The social upheavals of the 1960s gave Munro new material to write about. She grew dissatisfied with her husband, and the couple divorced in 1973 after 22 years of marriage. She took an appointment teaching at the University of Western Ontario and reconnected with Gerald Fremlin, a geographer she first met while they were students. They married and in 1976 moved to Clinton, Ontario; each had been raised within a few miles of the town.
Place became a character in Munro’s stories. “I am intoxicated by this landscape,” she wrote, “by the almost flat fields, the swamps, the hardwood bush, by the continental climate with its extravagant winters.”
In dozens of short stories set in Ontario, she combined the “intractably rural” region with the human commotion it hosted — “gothic passions, buried sorrows and forlorn mysteries,” a reviewer for the New York Times magazine wrote in 2004.
At age 60, Munro began writing stories about her contemporaries as they looked back over the past. In “Friend of My Youth,” a collection published in 1990, a number of men and women from Munro’s generation are portrayed as grudging survivors of the sexual revolution, the peace movement and the feminist movement of the 1960s and ’70s. Critics referred to her “mature vision.”

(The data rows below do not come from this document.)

lemma nondegenerate_map_imp_point:
  assumes "nondegenerate_map \<phi> \<Omega>" "s \<in> \<Omega>"
  obtains \<phi>' L v \<Omega>1 r0 \<rho> where "nondegenerate_point \<phi> s \<phi>' L v \<Omega>1 r0 \<rho>"
proof -
  have "continuous_on \<Omega> \<phi>"
    using nondegenerate_map_differentiable[OF assms(1)]
    by (simp add: differentiable_at_imp_differentiable_on differentiable_imp_continuous_on)
  then show ?thesis
    using nondegenerate_atE that assms unfolding nondegenerate_map_def by metis
qed

lemma nondegenerate_map_not_vanishes_to_order:
  fixes \<phi> :: "'a::euclidean_space \<Rightarrow> 'b::euclidean_space" and l :: "'b \<Rightarrow> real"
  assumes "nondegenerate_map \<phi> \<Omega>" "s \<in> \<Omega>" "linear l" "l \<noteq> (\<lambda>_. 0)" "1 \<le> p" "DIM('b) \<le> Suc p"
  shows "\<not> vanishes_to_order (\<lambda>t. l (\<phi> t)) s p"
  using nondegenerate_map_imp_point[OF assms(1,2)]
    nondegenerate_point.not_vanishes_to_order[OF _ assms(3-6)] by metis

lemma nondegenerate_map_zeros_not_accumulating:
  fixes \<phi> :: "'a::euclidean_space \<Rightarrow> 'b::euclidean_space" and l :: "'b \<Rightarrow> real"
  assumes "nondegenerate_map \<phi> \<Omega>" "s \<in> \<Omega>" "linear l" "l \<noteq> (\<lambda>_. 0)" "DIM('a) = 1"
  shows "\<not> s islimpt {t. l (\<phi> t) = 0}"
  using nondegenerate_map_imp_point[OF assms(1,2)]
    nondegenerate_point.zeros_not_accumulating[OF _ assms(3-5)] by metis
(* Let $V$ and $W$ be pfd $B$-persistence modules, decomposed as $V\cong\bigoplus_{\mathcal{X}}V^{\mathcal{X}}$ and $W\cong\bigoplus_{\mathcal{X}}W^{\mathcal{X}}$, with $\mathcal{X}$ ranging over $\{\mathcal{U},\mathcal{D},\mathcal{B},\mathcal{L},\mathcal{R}\}$. For every $\epsilon\ge0$ the following are equivalent: - (i) $V$ and $W$ are $\Lambda_\epsilon$-interleaved; - (ii) $V^{\mathcal{X}}$ and $W^{\mathcal{X}}$ are $\Lambda_\epsilon$-interleaved for each $\mathcal{X}\in\{\mathcal{U},\mathcal{D},\mathcal{B},\mathcal{L},\mathcal{R}\}$.
   Context: Let $k$ be a field. The bipath poset $B$ has underlying set $(\mathbb{R}\times\{1,2\})\sqcup\{-\infty,+\infty\}$. Its order is: $x\le y$ iff $x=-\infty$, or $y=+\infty$, or $x=(s,i)$, $y=(t,i)$ with the same $i$ and $s\le t$. A $B$-persistence module is a functor from $B$ (as a category) to $k$-vector spaces; it is pfd if all spaces are finite-dimensional. An interval of $B$ is a nonempty convex and connected subset (convex: $p,q\in I$, $p\le r\le q$ imply $r\in I$; connected: any two elements are joined by a finite sequence in $I$ with consecutive ones comparable). $k_I$ denotes the interval module. Every pfd $B$-module decomposes uniquely (up to isomorphism and permutation) into interval modules. The types of intervals are: - $\mathcal{U}$: intervals contained in $\mathbb{R}\times\{1\}$; - $\mathcal{D}$: intervals contained in $\mathbb{R}\times\{2\}$; - $\mathcal{B}=\{B\}$; - $\mathcal{L}$: intervals $\neq B$ containing $-\infty$; - $\mathcal{R}$: intervals $\neq B$ containing $+\infty$. $V^{\mathcal{X}}$ denotes the direct sum of those interval summands of $V$ whose interval lies in $\mathcal{X}$; it is well defined up to isomorphism. For $\epsilon\ge0$, $\Lambda_\epsilon\colon B\to B$ sends $(r,i)\mapsto(r+\epsilon,i)$ and fixes $\pm\infty$. Then: - $V(\epsilon)_b=V_{\Lambda_\epsilon b}$ and $V(\epsilon)(b,b')=V(\Lambda_\epsilon b,\Lambda_\epsilon b')$; for a morphism $\phi$, $\phi(\epsilon)$ has components $\phi_{\Lambda_\epsilon b}$; - $V_{0\to\epsilon}\colon V\to V(\epsilon)$ has components $V(b,\Lambda_\epsilon b)$; - $V$ and $W$ are $\Lambda_\epsilon$-interleaved if there are $\alpha\colon V\to W(\epsilon)$ and $\beta\colon W\to V(\epsilon)$ with $\beta(\epsilon)\alpha=V_{0\to2\epsilon}$ and $\alpha(\epsilon)\beta=W_{0\to2\epsilon}$. *)

theory Defs
  imports Complex_Main
begin

datatype lane = L1 | L2

datatype bpt = NInf | Pt real lane | PInf

definition ble :: "bpt \<Rightarrow> bpt \<Rightarrow> bool" where
  "ble x y \<longleftrightarrow> x = NInf \<or> y = PInf \<or> (\<exists>s t i. x = Pt s i \<and> y = Pt t i \<and> s \<le> t)"

fun lam :: "real \<Rightarrow> bpt \<Rightarrow> bpt" where
  "lam e NInf = NInf"
| "lam e (Pt r i) = Pt (r + e) i"
| "lam e PInf = PInf"

definition convex_B :: "bpt set \<Rightarrow> bool" where
  "convex_B I \<longleftrightarrow> (\<forall>p\<in>I. \<forall>q\<in>I. \<forall>r. ble p r \<and> ble r q \<longrightarrow> r \<in> I)"

definition connected_B :: "bpt set \<Rightarrow> bool" where
  "connected_B I \<longleftrightarrow> (\<forall>p\<in>I. \<forall>q\<in>I. \<exists>xs. xs \<noteq> [] \<and> hd xs = p \<and> last xs = q \<and> set xs \<subseteq> I \<and>
      (\<forall>i. Suc i < length xs \<longrightarrow> ble (xs ! i) (xs ! Suc i) \<or> ble (xs ! Suc i) (xs ! i)))"

definition interval_B :: "bpt set \<Rightarrow> bool" where
  "interval_B I \<longleftrightarrow> I \<noteq> {} \<and> convex_B I \<and> connected_B I"

datatype itype = TU | TD | TB | TL | TR

fun in_itype :: "itype \<Rightarrow> bpt set \<Rightarrow> bool" where
  "in_itype TU I \<longleftrightarrow> interval_B I \<and> I \<subseteq> range (\<lambda>r. Pt r L1)"
| "in_itype TD I \<longleftrightarrow> interval_B I \<and> I \<subseteq> range (\<lambda>r. Pt r L2)"
| "in_itype TB I \<longleftrightarrow> I = UNIV"
| "in_itype TL I \<longleftrightarrow> interval_B I \<and> I \<noteq> UNIV \<and> NInf \<in> I"
| "in_itype TR I \<longleftrightarrow> interval_B I \<and> I \<noteq> UNIV \<and> PInf \<in> I"

text \<open>A B-persistence module over the field 'k (scalar multiplication s on the ambient
  k-vector space 'v) is given by subspaces Sp b of 'v and structure maps Mp b b' for b \<le> b'
  (the values of Mp on non-comparable pairs, and outside Sp b, are irrelevant).\<close>

definition lin_on :: "('k::field \<Rightarrow> 'v::ab_group_add \<Rightarrow> 'v) \<Rightarrow> ('k \<Rightarrow> 'w::ab_group_add \<Rightarrow> 'w)
    \<Rightarrow> 'v set \<Rightarrow> ('v \<Rightarrow> 'w) \<Rightarrow> bool" where
  "lin_on s1 s2 A f \<longleftrightarrow> (\<forall>x\<in>A. \<forall>y\<in>A. f (x + y) = f x + f y) \<and> (\<forall>c. \<forall>x\<in>A. f (s1 c x) = s2 c (f x))"

definition pmod :: "('k::field \<Rightarrow> 'v::ab_group_add \<Rightarrow> 'v) \<Rightarrow> (bpt \<Rightarrow> 'v set)
    \<Rightarrow> (bpt \<Rightarrow> bpt \<Rightarrow> 'v \<Rightarrow> 'v) \<Rightarrow> bool" where
  "pmod s Sp Mp \<longleftrightarrow> vector_space s \<and> (\<forall>b. module.subspace s (Sp b))
     \<and> (\<forall>b b'. ble b b' \<longrightarrow> lin_on s s (Sp b) (Mp b b') \<and> Mp b b' ` Sp b \<subseteq> Sp b')
     \<and> (\<forall>b. \<forall>x\<in>Sp b. Mp b b x = x)
     \<and> (\<forall>b b' b''. ble b b' \<longrightarrow> ble b' b'' \<longrightarrow> (\<forall>x\<in>Sp b. Mp b' b'' (Mp b b' x) = Mp b b'' x))"

definition pfd :: "('k::field \<Rightarrow> 'v::ab_group_add \<Rightarrow> 'v) \<Rightarrow> (bpt \<Rightarrow> 'v set)
    \<Rightarrow> (bpt \<Rightarrow> bpt \<Rightarrow> 'v \<Rightarrow> 'v) \<Rightarrow> bool" where
  "pfd s Sp Mp \<longleftrightarrow> pmod s Sp Mp \<and> (\<forall>b. \<exists>F. finite F \<and> F \<subseteq> Sp b \<and> module.span s F = Sp b)"

definition morph :: "('k::field \<Rightarrow> 'v::ab_group_add \<Rightarrow> 'v) \<Rightarrow> (bpt \<Rightarrow> 'v set) \<Rightarrow> (bpt \<Rightarrow> bpt \<Rightarrow> 'v \<Rightarrow> 'v)
    \<Rightarrow> ('k \<Rightarrow> 'w::ab_group_add \<Rightarrow> 'w) \<Rightarrow> (bpt \<Rightarrow> 'w set) \<Rightarrow> (bpt \<Rightarrow> bpt \<Rightarrow> 'w \<Rightarrow> 'w)
    \<Rightarrow> (bpt \<Rightarrow> 'v \<Rightarrow> 'w) \<Rightarrow> bool" where
  "morph s1 Sp1 Mp1 s2 Sp2 Mp2 \<phi> \<longleftrightarrow>
     (\<forall>b. lin_on s1 s2 (Sp1 b) (\<phi> b) \<and> \<phi> b ` Sp1 b \<subseteq> Sp2 b)
     \<and> (\<forall>b b'. ble b b' \<longrightarrow> (\<forall>x\<in>Sp1 b. \<phi> b' (Mp1 b b' x) = Mp2 b b' (\<phi> b x)))"

definition mod_iso :: "('k::field \<Rightarrow> 'v::ab_group_add \<Rightarrow> 'v) \<Rightarrow> (bpt \<Rightarrow> 'v set) \<Rightarrow> (bpt \<Rightarrow> bpt \<Rightarrow> 'v \<Rightarrow> 'v)
    \<Rightarrow> ('k \<Rightarrow> 'w::ab_group_add \<Rightarrow> 'w) \<Rightarrow> (bpt \<Rightarrow> 'w set) \<Rightarrow> (bpt \<Rightarrow> bpt \<Rightarrow> 'w \<Rightarrow> 'w) \<Rightarrow> bool" where
  "mod_iso s1 Sp1 Mp1 s2 Sp2 Mp2 \<longleftrightarrow> (\<exists>\<phi> \<psi>. morph s1 Sp1 Mp1 s2 Sp2 Mp2 \<phi> \<and> morph s2 Sp2 Mp2 s1 Sp1 Mp1 \<psi>
     \<and> (\<forall>b. (\<forall>x\<in>Sp1 b. \<psi> b (\<phi> b x) = x) \<and> (\<forall>y\<in>Sp2 b. \<phi> b (\<psi> b y) = y)))"

text \<open>The interval module k_I, realised on the ambient space k itself.\<close>
definition ivSp :: "bpt set \<Rightarrow> bpt \<Rightarrow> 'k::field set" where
  "ivSp I b = (if b \<in> I then UNIV else {0})"

definition ivMp :: "bpt set \<Rightarrow> bpt \<Rightarrow> bpt \<Rightarrow> 'k::field \<Rightarrow> 'k" where
  "ivMp I b b' x = (if b \<in> I \<and> b' \<in> I then x else 0)"

definition shSp :: "real \<Rightarrow> (bpt \<Rightarrow> 'v set) \<Rightarrow> bpt \<Rightarrow> 'v set" where
  "shSp e Sp b = Sp (lam e b)"

definition shMp :: "real \<Rightarrow> (bpt \<Rightarrow> bpt \<Rightarrow> 'v \<Rightarrow> 'v) \<Rightarrow> bpt \<Rightarrow> bpt \<Rightarrow> 'v \<Rightarrow> 'v" where
  "shMp e Mp b b' = Mp (lam e b) (lam e b')"

definition interleaved :: "real \<Rightarrow> ('k::field \<Rightarrow> 'v::ab_group_add \<Rightarrow> 'v) \<Rightarrow> (bpt \<Rightarrow> 'v set) \<Rightarrow> (bpt \<Rightarrow> bpt \<Rightarrow> 'v \<Rightarrow> 'v)
    \<Rightarrow> ('k \<Rightarrow> 'w::ab_group_add \<Rightarrow> 'w) \<Rightarrow> (bpt \<Rightarrow> 'w set) \<Rightarrow> (bpt \<Rightarrow> bpt \<Rightarrow> 'w \<Rightarrow> 'w) \<Rightarrow> bool" where
  "interleaved e s1 Sp1 Mp1 s2 Sp2 Mp2 \<longleftrightarrow>
    (\<exists>\<alpha> \<beta>. morph s1 Sp1 Mp1 s2 (shSp e Sp2) (shMp e Mp2) \<alpha>
         \<and> morph s2 Sp2 Mp2 s1 (shSp e Sp1) (shMp e Mp1) \<beta>
         \<and> (\<forall>b. \<forall>x\<in>Sp1 b. \<beta> (lam e b) (\<alpha> b x) = Mp1 b (lam (2 * e) b) x)
         \<and> (\<forall>b. \<forall>y\<in>Sp2 b. \<alpha> (lam e b) (\<beta> b y) = Mp2 b (lam (2 * e) b) y))"

definition submod :: "('k::field \<Rightarrow> 'v::ab_group_add \<Rightarrow> 'v) \<Rightarrow> (bpt \<Rightarrow> 'v set) \<Rightarrow> (bpt \<Rightarrow> bpt \<Rightarrow> 'v \<Rightarrow> 'v)
    \<Rightarrow> (bpt \<Rightarrow> 'v set) \<Rightarrow> bool" where
  "submod s Sp Mp S \<longleftrightarrow> (\<forall>b. module.subspace s (S b) \<and> S b \<subseteq> Sp b)
     \<and> (\<forall>b b'. ble b b' \<longrightarrow> Mp b b' ` S b \<subseteq> S b')"

text \<open>(Sp, Mp) is the internal direct sum of the interval submodules N j (j \<in> J), where
  N j is isomorphic to the interval module k_{Iv j}.\<close>
definition interval_decomp :: "('k::field \<Rightarrow> 'v::ab_group_add \<Rightarrow> 'v) \<Rightarrow> (bpt \<Rightarrow> 'v set) \<Rightarrow> (bpt \<Rightarrow> bpt \<Rightarrow> 'v \<Rightarrow> 'v)
    \<Rightarrow> 'j set \<Rightarrow> ('j \<Rightarrow> bpt \<Rightarrow> 'v set) \<Rightarrow> ('j \<Rightarrow> bpt set) \<Rightarrow> bool" where
  "interval_decomp s Sp Mp J N Iv \<longleftrightarrow>
     (\<forall>j\<in>J. interval_B (Iv j) \<and> submod s Sp Mp (N j)
            \<and> mod_iso s (N j) Mp ((*) :: 'k \<Rightarrow> 'k \<Rightarrow> 'k) (ivSp (Iv j)) (ivMp (Iv j)))
     \<and> (\<forall>b. Sp b = module.span s (\<Union>j\<in>J. N j b))
     \<and> (\<forall>b F x. finite F \<longrightarrow> F \<subseteq> J \<longrightarrow> (\<forall>j\<in>F. x j \<in> N j b) \<longrightarrow> (\<Sum>j\<in>F. x j) = 0
             \<longrightarrow> (\<forall>j\<in>F. x j = 0))"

By 1998 Munro was at the height of her success. She won the National Book Critics Circle Award that year for “The Love of a Good Woman.” Three years later, she completed “Hateship, Friendship, Courtship, Loveship, Marriage,” her 12th book. It sealed her reputation. She followed it in 2004 with “Runaway,” a collection of three stories that follow the main character, Juliet, from a bumbling 21-year-old with a degree in classics through 30 years of bad love affairs, money problems and a daughter who no longer speaks to her.
“The moments she’s pursuing now … are moments of fateful, irrevocable, dramatic action,” Jonathan Franzen wrote in a review for the New York Times Book Review. “What this means for the reader is you can’t even begin to guess at a story’s meaning until you’ve followed every twist; it’s always the last page or two that switches all the lights on.”
Munro’s final story collection, “Dear Life,” was published in 2012. The following year, she won the Nobel Prize in Literature.
“I write the story I want to read,” Munro told the New York Times. “I do not feel responsible to my readers or my material. I know how hard it is to get anything to work right. Every story is a triumph.”
Munro is survived by her daughters Sheila and Jenny. Fremlin, her husband, died in 2013.
Rourke is a former Times staff writer.